The records below:

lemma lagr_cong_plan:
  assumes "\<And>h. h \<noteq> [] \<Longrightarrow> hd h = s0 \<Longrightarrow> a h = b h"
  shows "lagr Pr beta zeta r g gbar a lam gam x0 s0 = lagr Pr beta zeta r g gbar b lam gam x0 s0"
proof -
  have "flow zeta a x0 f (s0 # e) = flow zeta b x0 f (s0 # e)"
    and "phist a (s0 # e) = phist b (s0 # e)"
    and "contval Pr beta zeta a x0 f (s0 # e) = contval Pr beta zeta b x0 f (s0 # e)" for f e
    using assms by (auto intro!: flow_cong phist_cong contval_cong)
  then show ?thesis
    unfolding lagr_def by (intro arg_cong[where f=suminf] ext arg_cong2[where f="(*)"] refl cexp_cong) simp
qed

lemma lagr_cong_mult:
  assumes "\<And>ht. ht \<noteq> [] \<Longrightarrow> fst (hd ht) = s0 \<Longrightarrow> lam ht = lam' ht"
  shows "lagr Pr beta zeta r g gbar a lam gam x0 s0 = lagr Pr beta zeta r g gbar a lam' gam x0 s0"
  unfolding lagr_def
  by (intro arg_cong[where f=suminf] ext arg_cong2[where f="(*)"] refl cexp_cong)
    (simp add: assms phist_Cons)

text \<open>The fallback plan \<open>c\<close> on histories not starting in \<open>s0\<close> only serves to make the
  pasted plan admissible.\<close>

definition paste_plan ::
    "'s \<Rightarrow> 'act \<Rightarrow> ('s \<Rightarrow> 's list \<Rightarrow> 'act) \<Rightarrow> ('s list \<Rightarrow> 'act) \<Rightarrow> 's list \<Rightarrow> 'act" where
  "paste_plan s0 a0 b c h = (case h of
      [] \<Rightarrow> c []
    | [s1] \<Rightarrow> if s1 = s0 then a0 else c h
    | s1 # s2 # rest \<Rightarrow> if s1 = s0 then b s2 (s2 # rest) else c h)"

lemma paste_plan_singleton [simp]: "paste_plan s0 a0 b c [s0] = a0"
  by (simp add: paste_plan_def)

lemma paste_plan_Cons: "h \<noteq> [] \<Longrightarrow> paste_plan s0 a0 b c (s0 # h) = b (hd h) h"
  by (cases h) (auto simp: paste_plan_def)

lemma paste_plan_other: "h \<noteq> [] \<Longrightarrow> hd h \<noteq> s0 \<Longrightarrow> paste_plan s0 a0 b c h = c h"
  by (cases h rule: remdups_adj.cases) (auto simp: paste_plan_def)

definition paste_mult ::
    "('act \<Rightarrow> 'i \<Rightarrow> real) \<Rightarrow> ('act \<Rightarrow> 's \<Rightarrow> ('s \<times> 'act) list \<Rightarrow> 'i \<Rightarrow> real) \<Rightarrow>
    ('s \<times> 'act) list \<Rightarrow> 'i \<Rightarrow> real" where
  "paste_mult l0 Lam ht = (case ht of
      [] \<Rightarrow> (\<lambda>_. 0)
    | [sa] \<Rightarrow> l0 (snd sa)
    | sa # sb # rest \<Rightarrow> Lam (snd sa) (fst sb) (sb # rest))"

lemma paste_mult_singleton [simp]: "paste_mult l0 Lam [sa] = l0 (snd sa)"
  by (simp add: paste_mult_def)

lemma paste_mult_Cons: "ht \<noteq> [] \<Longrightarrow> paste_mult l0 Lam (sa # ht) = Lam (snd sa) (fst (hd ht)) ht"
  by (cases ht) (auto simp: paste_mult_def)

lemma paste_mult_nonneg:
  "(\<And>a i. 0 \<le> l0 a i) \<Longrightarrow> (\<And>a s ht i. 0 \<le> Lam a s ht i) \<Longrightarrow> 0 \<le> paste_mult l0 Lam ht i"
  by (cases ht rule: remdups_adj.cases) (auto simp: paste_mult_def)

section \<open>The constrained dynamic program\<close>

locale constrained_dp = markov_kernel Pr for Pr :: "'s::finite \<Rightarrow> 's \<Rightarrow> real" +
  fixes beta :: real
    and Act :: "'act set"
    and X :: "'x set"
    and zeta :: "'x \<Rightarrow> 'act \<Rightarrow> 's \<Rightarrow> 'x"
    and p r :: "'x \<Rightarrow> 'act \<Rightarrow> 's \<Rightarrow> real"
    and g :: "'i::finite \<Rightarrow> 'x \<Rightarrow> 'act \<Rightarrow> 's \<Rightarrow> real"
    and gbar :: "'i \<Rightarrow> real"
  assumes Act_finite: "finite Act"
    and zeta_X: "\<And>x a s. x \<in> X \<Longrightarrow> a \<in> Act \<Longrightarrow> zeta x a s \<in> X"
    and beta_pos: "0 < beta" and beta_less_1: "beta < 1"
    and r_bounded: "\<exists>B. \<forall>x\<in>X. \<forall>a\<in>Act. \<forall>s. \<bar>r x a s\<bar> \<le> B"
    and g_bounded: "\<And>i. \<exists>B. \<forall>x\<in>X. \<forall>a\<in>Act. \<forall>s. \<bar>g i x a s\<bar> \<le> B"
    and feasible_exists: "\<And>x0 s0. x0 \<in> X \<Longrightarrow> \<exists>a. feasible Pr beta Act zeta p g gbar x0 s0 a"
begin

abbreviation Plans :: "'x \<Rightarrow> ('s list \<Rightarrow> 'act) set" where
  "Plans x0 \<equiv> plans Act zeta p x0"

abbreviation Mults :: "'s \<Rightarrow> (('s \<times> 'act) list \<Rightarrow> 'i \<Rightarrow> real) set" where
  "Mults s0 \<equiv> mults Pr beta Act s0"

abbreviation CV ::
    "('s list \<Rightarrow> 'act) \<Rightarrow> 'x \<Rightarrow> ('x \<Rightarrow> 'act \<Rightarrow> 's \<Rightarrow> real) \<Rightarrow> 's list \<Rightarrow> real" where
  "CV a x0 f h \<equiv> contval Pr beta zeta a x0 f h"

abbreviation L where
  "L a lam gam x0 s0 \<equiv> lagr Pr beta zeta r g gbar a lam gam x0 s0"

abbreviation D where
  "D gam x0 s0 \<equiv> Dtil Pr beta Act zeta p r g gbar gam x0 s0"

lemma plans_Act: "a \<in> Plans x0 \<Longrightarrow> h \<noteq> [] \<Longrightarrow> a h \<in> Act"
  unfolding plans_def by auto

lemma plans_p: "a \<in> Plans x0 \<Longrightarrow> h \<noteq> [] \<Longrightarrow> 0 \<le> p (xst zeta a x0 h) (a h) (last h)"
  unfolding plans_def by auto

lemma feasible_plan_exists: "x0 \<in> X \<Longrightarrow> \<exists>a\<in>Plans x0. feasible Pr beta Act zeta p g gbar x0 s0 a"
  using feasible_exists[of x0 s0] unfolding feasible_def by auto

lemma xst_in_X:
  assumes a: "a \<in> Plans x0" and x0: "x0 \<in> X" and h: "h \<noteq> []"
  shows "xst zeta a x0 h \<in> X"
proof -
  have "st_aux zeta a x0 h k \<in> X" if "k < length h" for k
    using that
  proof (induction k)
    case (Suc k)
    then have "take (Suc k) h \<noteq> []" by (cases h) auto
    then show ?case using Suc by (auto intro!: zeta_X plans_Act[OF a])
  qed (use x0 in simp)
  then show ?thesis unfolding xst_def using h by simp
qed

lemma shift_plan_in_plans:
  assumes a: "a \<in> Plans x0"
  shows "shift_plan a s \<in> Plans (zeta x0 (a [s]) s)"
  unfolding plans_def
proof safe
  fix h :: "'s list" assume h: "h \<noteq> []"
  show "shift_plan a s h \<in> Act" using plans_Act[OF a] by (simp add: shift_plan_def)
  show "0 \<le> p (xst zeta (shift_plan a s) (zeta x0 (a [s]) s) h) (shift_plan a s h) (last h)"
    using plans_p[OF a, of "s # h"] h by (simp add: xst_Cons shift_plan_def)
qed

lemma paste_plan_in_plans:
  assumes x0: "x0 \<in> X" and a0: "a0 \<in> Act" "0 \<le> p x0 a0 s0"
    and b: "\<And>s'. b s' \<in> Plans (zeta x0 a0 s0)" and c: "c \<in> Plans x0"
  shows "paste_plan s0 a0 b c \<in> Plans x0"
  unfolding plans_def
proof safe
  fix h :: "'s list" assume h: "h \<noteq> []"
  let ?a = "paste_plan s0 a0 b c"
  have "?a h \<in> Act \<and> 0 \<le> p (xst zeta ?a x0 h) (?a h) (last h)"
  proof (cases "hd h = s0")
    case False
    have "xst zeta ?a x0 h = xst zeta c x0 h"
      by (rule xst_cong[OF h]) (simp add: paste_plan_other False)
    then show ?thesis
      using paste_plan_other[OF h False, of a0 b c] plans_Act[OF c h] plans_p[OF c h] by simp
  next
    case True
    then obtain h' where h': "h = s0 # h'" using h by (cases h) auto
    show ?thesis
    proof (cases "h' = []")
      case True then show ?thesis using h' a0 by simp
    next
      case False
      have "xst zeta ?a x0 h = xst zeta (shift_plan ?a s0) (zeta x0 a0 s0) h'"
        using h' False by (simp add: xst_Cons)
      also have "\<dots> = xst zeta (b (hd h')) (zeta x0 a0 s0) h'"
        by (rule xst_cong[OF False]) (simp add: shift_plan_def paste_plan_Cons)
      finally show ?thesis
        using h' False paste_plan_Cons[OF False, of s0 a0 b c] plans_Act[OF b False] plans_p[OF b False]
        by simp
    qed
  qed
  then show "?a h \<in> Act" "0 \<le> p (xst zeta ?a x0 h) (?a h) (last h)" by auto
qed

End of The records.
The records below:

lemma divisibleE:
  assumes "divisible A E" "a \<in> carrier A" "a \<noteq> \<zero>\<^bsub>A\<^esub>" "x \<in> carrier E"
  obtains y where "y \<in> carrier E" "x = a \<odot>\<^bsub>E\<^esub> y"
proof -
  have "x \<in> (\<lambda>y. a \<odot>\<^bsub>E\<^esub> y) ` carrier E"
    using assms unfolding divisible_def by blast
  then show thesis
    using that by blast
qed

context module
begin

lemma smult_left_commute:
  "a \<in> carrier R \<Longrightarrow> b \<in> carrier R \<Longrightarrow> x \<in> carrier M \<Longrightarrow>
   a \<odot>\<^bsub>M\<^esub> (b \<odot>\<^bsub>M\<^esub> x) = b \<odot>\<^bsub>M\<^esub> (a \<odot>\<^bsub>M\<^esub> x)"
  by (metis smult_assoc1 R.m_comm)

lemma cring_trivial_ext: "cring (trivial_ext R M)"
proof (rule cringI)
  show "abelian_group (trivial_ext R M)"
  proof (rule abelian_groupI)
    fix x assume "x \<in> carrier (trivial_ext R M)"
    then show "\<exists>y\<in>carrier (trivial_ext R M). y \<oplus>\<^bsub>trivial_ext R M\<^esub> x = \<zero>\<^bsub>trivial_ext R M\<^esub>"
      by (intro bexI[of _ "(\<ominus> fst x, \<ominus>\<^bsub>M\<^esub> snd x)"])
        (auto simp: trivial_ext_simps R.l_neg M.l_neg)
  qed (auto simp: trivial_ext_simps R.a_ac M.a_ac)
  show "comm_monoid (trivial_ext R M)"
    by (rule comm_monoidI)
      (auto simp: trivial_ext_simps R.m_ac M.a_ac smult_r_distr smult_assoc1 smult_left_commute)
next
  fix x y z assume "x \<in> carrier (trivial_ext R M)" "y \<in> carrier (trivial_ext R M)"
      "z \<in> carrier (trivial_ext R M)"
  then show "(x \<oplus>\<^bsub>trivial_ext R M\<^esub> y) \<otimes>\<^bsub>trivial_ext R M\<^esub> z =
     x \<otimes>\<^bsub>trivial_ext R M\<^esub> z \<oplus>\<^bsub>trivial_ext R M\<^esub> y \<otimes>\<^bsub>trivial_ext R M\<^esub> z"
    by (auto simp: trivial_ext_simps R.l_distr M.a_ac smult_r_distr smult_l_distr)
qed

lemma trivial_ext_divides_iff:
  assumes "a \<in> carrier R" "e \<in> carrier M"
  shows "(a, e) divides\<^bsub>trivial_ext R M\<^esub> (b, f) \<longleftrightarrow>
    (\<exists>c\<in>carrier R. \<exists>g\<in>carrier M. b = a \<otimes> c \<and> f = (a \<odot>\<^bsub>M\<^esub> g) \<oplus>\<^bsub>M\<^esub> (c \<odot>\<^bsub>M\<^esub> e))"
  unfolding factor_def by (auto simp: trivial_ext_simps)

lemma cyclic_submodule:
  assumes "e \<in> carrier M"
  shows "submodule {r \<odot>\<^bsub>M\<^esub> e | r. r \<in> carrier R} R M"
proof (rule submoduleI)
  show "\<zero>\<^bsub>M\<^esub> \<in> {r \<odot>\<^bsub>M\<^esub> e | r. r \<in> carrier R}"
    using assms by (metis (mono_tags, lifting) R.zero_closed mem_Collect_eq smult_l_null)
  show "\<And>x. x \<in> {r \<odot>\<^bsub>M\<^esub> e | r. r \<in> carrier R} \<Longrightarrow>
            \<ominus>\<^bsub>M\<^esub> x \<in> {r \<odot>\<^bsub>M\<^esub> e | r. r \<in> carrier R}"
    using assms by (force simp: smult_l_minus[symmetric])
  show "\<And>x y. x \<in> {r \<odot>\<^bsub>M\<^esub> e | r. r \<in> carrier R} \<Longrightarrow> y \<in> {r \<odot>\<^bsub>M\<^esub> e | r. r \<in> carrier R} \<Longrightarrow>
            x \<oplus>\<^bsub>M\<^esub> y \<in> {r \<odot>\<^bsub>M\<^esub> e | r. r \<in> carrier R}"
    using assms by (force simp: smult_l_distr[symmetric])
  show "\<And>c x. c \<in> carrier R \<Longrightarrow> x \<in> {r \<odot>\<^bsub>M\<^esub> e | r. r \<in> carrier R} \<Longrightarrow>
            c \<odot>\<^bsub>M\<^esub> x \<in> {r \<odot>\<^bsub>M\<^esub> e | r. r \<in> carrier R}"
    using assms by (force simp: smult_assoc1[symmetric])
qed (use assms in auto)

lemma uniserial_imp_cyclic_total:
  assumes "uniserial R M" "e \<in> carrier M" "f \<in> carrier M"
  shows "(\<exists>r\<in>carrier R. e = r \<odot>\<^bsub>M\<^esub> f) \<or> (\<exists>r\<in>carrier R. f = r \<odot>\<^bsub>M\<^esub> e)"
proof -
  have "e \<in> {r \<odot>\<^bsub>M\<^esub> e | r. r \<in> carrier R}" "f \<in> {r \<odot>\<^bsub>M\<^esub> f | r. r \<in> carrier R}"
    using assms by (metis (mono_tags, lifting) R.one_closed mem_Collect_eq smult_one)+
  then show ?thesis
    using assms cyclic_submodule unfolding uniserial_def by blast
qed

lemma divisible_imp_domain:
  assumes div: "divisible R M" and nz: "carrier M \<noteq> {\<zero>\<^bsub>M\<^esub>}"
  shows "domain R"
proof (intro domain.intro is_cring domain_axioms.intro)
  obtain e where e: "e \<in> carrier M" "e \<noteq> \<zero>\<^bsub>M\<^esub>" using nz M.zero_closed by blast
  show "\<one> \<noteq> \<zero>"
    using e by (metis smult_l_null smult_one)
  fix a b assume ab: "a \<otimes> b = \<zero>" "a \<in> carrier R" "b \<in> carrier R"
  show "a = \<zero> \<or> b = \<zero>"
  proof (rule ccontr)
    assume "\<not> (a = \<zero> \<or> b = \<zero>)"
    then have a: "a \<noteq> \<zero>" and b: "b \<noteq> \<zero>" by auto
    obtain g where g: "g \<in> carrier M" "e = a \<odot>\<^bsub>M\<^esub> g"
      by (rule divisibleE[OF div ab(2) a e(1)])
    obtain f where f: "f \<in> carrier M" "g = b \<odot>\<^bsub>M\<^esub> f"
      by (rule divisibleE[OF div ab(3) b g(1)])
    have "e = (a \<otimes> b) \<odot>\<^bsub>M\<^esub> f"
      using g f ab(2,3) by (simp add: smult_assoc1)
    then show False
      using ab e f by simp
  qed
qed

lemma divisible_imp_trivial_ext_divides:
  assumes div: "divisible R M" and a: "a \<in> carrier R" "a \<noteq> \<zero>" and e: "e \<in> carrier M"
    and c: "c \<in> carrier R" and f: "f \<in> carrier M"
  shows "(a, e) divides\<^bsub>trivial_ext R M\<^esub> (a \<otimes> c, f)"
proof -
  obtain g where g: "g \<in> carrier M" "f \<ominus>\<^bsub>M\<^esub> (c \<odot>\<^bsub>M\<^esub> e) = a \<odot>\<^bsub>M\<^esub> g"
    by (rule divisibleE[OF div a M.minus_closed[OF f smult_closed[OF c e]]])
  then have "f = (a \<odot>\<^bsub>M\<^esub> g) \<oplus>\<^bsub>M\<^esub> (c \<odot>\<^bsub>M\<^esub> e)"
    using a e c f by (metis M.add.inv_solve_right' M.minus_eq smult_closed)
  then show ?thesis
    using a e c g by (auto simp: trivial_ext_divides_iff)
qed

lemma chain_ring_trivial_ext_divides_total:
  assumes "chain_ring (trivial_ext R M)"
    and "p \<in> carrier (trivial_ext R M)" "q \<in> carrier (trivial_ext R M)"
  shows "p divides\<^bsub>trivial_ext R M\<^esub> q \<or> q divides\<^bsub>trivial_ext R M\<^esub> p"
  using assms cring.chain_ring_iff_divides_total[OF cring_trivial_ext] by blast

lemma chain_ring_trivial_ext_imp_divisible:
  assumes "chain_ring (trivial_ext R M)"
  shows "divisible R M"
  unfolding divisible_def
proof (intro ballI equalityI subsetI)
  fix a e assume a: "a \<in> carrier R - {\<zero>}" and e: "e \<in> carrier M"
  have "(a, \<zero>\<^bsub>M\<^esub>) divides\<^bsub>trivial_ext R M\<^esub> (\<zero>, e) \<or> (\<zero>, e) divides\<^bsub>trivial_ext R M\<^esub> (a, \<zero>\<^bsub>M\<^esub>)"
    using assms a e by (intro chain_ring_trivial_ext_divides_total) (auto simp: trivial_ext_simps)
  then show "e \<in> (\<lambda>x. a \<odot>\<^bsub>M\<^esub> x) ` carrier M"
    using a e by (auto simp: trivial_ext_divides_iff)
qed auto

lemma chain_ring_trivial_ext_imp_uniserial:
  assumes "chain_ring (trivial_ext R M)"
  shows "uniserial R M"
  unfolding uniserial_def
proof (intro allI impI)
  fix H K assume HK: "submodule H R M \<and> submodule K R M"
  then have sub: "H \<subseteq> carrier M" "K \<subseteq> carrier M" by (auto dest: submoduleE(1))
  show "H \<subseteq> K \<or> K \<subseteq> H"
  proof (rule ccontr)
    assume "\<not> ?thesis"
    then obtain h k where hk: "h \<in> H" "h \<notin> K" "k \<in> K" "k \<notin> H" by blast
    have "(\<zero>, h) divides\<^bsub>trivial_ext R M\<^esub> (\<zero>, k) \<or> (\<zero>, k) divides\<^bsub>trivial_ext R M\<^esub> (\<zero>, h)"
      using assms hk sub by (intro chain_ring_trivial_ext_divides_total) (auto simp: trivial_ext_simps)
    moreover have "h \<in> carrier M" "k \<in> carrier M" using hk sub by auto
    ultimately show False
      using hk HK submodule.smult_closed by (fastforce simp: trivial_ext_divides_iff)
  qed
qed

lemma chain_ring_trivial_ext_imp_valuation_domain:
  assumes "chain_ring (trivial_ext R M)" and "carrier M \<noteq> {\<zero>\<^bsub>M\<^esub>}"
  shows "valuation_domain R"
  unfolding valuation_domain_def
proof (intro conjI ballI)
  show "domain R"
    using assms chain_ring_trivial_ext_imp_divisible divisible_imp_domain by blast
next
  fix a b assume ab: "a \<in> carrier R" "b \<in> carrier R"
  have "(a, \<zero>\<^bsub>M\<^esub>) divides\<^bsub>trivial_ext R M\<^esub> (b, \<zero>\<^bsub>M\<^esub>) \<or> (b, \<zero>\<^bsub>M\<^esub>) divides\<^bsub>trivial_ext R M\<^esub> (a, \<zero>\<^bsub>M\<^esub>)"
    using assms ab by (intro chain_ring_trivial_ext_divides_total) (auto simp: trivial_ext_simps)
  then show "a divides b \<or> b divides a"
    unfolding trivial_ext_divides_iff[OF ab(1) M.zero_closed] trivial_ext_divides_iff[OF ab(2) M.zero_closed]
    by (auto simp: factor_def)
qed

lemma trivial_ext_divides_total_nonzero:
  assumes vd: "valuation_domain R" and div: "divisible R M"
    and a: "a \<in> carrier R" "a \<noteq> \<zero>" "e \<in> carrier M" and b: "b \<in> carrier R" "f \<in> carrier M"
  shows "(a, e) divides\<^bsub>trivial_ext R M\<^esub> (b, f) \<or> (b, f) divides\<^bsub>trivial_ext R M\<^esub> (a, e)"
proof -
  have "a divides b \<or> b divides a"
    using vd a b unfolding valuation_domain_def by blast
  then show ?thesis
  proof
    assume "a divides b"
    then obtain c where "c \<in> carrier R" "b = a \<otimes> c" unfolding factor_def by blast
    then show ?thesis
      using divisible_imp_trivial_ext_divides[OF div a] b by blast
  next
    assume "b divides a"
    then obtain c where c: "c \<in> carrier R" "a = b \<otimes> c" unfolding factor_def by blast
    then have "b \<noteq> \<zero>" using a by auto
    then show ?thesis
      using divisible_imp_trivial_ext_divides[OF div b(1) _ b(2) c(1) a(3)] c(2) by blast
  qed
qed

End of The records.

* **Exercise**
From the records above, return each line that includes "subseteq".

* **Reply to the exercise**
  then have sub: "H \<subseteq> carrier M" "K \<subseteq> carrier M" by (auto dest: submoduleE(1))
  show "H \<subseteq> K \<or> K \<subseteq> H"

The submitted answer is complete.